**Work instructions:** The answer must be one number: how many lines in the data below include the string "bool".

**Source information:**
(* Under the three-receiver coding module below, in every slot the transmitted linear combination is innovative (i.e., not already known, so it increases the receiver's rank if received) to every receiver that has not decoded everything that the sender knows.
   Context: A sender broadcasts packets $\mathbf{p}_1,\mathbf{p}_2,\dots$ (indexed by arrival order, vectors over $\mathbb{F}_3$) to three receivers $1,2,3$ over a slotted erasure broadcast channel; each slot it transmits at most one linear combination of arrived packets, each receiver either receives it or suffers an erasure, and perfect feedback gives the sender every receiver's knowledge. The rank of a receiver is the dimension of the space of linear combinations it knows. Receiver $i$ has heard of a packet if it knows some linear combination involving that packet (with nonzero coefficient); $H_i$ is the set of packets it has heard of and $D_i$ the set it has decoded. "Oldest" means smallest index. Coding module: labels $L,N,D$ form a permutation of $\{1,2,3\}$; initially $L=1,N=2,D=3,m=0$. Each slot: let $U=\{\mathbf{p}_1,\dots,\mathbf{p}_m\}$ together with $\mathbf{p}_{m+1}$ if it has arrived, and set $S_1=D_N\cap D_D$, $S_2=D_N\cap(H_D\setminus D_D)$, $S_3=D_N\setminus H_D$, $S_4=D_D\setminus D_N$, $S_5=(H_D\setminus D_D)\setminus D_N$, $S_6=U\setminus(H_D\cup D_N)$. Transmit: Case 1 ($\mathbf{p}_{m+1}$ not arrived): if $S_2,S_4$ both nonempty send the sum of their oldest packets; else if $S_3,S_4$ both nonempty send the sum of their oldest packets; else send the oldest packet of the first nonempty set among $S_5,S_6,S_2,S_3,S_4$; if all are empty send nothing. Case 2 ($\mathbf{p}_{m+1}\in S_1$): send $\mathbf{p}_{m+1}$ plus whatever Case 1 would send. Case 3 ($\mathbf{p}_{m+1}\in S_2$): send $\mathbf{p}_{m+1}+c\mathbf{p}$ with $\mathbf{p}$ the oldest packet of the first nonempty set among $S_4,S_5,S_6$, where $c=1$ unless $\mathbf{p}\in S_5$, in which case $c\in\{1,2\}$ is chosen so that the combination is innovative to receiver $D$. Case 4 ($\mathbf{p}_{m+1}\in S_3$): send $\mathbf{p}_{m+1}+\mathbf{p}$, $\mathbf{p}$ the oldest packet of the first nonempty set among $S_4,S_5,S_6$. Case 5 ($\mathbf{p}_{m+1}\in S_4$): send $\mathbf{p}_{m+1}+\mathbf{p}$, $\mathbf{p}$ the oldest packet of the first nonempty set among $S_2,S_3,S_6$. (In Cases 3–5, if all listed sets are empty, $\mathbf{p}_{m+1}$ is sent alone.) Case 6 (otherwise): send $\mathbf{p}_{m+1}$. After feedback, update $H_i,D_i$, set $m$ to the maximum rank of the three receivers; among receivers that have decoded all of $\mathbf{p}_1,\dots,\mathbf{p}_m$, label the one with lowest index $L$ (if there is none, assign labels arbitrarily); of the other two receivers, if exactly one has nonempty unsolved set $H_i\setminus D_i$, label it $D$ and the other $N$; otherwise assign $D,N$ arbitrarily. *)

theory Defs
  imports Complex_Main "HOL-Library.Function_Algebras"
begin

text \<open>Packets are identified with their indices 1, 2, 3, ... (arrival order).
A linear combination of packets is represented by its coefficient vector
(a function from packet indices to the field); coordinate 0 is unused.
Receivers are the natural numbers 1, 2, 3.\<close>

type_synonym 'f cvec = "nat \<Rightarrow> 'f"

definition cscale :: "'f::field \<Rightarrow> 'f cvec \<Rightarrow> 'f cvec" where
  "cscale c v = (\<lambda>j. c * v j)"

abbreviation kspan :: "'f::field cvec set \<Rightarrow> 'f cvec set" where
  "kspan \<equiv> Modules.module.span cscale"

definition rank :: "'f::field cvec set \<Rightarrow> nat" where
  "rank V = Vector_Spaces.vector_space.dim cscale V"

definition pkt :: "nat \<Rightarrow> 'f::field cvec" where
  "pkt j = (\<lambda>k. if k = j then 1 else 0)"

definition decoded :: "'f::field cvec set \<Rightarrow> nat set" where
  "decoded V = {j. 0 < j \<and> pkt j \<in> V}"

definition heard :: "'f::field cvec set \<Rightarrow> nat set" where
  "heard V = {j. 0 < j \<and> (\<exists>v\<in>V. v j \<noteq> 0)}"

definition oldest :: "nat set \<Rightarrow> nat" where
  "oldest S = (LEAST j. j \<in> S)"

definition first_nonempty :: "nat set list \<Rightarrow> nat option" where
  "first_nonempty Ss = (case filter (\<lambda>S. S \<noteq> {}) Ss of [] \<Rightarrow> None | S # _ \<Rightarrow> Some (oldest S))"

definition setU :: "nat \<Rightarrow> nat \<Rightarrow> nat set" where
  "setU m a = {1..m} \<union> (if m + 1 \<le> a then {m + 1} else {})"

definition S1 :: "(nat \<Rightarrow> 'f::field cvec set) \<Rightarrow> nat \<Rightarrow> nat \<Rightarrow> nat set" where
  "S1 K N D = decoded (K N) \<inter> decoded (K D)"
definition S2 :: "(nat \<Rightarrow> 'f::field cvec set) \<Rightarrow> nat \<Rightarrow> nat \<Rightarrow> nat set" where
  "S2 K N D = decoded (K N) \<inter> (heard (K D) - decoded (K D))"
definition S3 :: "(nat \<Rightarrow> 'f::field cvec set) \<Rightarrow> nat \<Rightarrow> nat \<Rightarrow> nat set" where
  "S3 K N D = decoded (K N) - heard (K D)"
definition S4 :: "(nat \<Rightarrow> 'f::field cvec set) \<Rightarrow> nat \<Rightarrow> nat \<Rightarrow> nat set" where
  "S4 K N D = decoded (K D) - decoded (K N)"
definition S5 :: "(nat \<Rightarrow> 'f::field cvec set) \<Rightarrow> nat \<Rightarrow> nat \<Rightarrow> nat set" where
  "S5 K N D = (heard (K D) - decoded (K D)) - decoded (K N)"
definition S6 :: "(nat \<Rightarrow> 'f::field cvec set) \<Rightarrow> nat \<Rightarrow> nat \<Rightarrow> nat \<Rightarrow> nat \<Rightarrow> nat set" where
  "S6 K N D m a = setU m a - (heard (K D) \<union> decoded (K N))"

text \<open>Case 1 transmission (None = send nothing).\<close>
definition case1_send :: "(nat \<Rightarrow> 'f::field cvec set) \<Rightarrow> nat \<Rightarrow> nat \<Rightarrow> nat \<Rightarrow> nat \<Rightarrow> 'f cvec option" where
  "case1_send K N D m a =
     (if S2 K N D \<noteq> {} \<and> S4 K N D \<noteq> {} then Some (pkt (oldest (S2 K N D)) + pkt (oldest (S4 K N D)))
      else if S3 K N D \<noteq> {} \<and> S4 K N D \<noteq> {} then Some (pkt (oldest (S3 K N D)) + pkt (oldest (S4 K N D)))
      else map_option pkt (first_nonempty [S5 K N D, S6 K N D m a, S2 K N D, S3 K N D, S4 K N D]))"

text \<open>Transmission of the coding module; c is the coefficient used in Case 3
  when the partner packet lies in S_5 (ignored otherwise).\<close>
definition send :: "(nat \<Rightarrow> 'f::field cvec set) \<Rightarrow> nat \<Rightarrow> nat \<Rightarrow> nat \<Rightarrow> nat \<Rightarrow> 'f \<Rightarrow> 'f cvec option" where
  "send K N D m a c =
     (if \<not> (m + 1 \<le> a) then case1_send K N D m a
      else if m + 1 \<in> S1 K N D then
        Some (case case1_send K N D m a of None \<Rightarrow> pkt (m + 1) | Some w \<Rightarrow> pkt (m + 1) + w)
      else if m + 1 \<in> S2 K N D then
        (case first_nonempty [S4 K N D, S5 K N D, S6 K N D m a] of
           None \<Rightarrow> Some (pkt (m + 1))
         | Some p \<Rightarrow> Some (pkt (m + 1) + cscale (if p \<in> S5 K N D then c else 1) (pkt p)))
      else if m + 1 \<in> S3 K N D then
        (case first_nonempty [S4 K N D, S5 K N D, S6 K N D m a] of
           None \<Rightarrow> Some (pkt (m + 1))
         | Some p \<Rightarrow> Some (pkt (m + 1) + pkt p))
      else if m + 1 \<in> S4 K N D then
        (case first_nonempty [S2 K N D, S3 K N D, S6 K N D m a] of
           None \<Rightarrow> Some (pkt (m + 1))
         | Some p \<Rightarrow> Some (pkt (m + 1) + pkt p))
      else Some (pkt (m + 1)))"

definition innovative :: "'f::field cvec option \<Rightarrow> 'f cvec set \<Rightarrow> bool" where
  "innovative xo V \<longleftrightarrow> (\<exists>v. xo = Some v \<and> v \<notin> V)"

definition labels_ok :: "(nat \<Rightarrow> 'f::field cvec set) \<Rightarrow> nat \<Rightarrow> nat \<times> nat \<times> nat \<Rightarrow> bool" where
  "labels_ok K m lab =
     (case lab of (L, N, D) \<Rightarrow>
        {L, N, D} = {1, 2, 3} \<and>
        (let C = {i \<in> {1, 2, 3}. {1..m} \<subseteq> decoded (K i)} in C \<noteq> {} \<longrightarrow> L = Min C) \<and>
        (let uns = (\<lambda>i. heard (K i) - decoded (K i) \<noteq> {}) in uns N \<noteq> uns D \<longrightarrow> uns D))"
---
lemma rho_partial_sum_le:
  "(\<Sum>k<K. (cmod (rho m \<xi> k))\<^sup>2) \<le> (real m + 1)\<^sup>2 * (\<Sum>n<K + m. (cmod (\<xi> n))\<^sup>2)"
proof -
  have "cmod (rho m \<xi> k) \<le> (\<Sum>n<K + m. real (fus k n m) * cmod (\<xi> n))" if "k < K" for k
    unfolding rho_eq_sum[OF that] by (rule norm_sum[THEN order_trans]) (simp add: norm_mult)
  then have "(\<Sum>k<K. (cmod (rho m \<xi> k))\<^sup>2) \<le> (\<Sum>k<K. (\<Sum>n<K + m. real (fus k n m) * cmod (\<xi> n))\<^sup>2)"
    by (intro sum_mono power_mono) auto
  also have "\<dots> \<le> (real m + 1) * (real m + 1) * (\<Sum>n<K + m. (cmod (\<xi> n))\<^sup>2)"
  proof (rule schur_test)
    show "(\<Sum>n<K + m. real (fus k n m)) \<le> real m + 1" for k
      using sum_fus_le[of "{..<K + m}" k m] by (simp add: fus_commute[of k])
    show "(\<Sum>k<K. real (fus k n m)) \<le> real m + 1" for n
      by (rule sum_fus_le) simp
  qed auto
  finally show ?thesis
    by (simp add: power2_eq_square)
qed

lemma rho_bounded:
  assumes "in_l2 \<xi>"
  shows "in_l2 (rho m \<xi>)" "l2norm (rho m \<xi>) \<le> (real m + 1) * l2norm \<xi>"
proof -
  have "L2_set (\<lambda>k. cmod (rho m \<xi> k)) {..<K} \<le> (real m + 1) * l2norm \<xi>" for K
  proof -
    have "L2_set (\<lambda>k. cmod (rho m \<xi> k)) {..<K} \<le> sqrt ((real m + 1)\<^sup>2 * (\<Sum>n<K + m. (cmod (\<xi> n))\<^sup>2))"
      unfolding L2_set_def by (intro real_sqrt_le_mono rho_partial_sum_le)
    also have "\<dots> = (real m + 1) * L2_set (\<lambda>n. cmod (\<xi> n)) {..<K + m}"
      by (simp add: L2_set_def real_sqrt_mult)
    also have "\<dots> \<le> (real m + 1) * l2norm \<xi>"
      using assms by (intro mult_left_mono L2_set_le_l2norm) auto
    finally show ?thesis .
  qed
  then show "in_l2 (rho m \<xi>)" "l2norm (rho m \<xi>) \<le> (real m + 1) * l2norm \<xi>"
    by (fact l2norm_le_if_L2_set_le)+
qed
...
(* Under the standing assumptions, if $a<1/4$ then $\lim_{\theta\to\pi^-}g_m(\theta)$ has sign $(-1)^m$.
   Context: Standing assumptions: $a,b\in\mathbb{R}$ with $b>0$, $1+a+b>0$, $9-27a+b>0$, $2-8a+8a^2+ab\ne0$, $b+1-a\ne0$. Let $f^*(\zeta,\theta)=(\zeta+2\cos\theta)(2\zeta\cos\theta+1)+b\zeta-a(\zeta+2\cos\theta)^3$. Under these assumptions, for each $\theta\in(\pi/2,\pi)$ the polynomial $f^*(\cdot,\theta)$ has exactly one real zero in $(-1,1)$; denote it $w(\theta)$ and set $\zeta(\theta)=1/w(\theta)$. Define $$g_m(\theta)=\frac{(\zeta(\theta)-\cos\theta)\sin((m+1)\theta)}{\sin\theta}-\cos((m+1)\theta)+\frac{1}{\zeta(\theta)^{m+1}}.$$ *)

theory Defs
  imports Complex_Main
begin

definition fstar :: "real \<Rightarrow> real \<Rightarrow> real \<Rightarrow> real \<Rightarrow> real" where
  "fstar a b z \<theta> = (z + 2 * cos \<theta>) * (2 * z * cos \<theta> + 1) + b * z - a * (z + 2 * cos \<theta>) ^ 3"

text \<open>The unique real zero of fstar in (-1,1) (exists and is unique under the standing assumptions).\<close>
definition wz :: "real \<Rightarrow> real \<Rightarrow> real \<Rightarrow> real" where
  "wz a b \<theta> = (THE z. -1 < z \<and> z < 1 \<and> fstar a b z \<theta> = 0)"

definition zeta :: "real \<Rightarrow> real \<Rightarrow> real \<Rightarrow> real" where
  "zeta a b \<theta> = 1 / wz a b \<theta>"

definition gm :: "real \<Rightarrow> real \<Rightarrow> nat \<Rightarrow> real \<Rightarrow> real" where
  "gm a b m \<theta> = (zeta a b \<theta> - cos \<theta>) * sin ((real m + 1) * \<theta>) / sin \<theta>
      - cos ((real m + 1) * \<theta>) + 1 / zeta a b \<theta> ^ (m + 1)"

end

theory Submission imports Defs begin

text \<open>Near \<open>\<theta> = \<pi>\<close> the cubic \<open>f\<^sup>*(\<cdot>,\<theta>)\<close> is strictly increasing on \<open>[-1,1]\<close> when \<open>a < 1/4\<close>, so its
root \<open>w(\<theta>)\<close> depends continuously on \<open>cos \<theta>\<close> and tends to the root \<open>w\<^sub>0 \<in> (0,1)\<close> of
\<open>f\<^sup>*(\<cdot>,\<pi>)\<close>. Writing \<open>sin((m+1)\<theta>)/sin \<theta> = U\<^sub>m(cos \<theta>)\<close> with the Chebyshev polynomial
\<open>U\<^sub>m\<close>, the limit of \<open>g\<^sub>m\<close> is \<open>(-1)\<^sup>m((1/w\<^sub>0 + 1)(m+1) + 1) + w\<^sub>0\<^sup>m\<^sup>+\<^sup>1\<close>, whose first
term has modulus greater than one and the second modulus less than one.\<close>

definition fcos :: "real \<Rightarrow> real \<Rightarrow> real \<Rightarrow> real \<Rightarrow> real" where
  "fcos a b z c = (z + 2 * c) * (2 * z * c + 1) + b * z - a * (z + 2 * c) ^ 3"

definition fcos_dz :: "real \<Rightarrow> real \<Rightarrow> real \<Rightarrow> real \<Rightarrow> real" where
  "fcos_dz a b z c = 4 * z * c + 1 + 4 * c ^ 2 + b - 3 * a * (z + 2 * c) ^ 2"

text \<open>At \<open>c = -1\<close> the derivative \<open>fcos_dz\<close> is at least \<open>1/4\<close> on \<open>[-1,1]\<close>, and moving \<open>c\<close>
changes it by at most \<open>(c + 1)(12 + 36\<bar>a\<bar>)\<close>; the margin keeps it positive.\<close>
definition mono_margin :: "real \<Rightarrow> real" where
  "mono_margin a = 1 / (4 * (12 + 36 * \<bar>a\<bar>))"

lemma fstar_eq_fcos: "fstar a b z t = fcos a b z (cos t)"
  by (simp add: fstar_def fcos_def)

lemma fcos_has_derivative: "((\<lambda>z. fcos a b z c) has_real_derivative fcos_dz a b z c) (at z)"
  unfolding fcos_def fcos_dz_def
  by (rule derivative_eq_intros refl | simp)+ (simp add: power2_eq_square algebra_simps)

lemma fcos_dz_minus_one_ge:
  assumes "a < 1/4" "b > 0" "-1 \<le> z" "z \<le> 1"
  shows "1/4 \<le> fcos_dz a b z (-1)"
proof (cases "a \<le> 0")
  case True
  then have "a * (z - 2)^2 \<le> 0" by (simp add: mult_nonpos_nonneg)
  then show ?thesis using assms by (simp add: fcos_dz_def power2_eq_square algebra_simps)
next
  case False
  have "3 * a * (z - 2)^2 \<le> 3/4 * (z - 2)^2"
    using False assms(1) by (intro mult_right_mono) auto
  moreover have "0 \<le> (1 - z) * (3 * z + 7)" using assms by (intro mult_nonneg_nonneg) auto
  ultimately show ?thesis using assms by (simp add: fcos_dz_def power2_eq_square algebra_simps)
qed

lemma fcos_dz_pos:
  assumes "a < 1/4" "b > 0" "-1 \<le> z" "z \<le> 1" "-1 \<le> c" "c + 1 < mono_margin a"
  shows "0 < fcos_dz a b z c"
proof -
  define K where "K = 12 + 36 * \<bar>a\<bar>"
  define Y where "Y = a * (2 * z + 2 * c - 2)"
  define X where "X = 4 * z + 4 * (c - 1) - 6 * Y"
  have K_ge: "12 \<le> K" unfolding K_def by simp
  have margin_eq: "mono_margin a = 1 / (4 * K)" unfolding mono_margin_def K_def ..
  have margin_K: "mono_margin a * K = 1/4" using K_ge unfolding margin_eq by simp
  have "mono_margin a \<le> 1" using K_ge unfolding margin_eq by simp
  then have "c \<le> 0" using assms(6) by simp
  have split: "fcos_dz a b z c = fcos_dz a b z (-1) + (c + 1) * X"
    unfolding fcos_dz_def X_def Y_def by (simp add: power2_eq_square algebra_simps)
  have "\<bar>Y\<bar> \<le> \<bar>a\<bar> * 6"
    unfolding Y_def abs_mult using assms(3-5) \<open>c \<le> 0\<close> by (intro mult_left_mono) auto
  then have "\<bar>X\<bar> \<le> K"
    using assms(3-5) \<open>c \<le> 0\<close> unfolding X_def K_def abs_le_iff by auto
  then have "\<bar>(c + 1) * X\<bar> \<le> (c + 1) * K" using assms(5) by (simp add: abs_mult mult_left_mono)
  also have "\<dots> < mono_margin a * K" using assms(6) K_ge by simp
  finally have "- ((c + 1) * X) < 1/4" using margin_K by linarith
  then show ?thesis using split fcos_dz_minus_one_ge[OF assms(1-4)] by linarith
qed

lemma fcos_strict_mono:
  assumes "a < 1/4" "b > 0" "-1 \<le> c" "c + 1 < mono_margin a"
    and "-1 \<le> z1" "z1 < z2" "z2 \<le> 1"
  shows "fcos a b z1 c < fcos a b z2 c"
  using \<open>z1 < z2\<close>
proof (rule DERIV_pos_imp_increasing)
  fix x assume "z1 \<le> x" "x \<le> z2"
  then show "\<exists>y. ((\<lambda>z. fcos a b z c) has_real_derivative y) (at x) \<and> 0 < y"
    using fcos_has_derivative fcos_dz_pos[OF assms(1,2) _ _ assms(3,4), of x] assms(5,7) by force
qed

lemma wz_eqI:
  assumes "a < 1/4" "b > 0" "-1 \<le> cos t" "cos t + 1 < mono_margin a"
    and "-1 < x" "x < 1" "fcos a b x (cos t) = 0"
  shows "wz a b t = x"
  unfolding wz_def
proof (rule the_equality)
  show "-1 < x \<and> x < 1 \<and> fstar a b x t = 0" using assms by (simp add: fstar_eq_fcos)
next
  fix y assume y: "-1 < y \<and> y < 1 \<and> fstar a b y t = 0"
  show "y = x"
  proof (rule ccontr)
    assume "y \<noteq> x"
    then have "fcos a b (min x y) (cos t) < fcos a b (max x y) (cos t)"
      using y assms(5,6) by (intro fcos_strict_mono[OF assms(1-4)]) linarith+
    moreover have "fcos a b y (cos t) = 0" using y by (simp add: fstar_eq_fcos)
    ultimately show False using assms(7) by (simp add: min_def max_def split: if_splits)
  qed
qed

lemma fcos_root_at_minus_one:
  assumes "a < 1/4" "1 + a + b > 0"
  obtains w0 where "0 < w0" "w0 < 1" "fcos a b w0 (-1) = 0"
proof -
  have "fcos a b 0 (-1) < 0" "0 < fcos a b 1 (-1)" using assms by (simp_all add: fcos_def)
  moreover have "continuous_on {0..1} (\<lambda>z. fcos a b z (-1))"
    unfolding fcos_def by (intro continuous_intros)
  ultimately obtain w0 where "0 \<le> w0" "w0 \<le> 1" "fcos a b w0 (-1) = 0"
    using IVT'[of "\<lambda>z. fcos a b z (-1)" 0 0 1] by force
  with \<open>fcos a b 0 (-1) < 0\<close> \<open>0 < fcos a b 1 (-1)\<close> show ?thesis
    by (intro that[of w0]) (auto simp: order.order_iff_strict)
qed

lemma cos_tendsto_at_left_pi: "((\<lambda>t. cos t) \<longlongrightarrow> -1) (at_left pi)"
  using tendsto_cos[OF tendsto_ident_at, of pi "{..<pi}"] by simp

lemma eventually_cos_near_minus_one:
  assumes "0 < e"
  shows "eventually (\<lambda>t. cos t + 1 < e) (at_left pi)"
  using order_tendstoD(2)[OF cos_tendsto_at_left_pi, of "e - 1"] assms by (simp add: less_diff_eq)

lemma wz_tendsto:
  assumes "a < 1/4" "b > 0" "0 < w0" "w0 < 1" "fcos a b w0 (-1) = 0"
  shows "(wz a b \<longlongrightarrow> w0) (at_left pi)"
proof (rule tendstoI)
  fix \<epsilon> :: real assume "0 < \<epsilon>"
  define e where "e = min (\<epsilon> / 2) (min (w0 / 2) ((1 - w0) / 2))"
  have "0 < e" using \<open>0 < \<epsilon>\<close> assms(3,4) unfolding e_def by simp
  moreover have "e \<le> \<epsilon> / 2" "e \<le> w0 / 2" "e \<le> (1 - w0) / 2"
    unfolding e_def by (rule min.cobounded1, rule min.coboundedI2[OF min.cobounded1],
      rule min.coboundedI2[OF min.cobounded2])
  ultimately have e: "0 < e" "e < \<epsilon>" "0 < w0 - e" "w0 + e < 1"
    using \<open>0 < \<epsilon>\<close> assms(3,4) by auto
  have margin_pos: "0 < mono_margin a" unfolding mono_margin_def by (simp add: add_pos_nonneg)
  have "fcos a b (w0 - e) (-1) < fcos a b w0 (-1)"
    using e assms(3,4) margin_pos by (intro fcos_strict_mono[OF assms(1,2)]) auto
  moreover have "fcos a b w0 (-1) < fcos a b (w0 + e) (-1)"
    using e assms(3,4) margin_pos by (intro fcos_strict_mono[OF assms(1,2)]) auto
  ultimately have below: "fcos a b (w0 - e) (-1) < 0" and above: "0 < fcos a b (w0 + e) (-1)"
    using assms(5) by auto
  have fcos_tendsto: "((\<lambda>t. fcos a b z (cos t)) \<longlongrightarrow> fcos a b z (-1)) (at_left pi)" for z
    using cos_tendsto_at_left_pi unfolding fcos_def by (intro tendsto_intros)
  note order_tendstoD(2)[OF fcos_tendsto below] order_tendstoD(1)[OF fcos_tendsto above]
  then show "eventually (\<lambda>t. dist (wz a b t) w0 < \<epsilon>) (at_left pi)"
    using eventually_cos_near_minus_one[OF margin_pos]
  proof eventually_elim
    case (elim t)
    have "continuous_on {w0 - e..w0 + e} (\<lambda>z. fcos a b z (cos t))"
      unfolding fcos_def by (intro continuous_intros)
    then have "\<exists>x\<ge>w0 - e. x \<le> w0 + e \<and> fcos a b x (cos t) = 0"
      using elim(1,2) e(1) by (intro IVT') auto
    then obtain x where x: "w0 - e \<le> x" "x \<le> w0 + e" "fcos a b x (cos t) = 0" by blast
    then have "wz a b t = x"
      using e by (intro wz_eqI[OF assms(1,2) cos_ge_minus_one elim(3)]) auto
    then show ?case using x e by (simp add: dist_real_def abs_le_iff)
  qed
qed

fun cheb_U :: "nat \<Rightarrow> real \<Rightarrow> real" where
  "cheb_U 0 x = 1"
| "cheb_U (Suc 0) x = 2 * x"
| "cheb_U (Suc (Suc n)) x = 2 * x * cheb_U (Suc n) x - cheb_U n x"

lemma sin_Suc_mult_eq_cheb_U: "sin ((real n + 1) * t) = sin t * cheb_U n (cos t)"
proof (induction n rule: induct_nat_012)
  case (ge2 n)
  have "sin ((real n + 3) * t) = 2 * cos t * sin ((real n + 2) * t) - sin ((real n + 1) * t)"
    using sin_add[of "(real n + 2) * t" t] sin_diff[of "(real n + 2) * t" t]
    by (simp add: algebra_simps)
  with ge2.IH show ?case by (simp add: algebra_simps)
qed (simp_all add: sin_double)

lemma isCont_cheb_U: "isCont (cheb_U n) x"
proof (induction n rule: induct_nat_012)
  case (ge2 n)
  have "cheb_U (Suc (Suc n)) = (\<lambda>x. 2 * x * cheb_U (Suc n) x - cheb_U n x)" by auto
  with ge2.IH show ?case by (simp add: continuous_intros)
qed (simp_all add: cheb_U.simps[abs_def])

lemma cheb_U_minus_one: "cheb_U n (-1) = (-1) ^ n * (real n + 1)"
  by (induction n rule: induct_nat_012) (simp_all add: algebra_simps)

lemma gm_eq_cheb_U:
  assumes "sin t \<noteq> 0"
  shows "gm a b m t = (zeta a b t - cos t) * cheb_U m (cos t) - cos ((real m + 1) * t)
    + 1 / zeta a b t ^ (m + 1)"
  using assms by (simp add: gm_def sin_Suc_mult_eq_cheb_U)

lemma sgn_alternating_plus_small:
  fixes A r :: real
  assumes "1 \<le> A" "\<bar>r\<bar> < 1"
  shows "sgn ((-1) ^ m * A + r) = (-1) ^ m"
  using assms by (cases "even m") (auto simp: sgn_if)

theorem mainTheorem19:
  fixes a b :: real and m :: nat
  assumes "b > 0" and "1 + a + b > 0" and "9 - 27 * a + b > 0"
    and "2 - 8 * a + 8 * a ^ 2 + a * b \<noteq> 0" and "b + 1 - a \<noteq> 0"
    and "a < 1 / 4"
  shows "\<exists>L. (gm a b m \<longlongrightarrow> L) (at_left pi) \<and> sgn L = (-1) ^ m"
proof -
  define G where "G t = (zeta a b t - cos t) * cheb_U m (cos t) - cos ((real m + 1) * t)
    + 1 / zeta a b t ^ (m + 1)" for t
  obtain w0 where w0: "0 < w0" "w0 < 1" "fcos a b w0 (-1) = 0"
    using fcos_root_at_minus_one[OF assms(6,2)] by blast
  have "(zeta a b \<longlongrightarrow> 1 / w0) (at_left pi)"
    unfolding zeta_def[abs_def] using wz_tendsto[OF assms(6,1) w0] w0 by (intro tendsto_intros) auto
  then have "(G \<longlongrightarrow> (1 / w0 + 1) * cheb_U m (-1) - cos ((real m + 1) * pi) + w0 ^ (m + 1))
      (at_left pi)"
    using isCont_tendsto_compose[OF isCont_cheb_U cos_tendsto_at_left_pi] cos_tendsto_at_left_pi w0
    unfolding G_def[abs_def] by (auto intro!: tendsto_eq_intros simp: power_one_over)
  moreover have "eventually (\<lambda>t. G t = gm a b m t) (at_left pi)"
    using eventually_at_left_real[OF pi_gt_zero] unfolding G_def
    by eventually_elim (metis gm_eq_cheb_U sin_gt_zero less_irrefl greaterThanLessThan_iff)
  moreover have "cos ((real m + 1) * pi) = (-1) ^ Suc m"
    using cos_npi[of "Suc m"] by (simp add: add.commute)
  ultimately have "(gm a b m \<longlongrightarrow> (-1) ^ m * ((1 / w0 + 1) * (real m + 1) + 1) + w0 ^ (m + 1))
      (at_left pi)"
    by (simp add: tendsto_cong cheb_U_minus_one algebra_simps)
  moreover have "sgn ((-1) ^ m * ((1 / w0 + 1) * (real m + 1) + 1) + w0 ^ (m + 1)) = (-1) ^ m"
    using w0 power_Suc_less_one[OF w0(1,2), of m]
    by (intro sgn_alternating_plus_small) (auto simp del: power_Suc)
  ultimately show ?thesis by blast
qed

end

**The completed task:** 2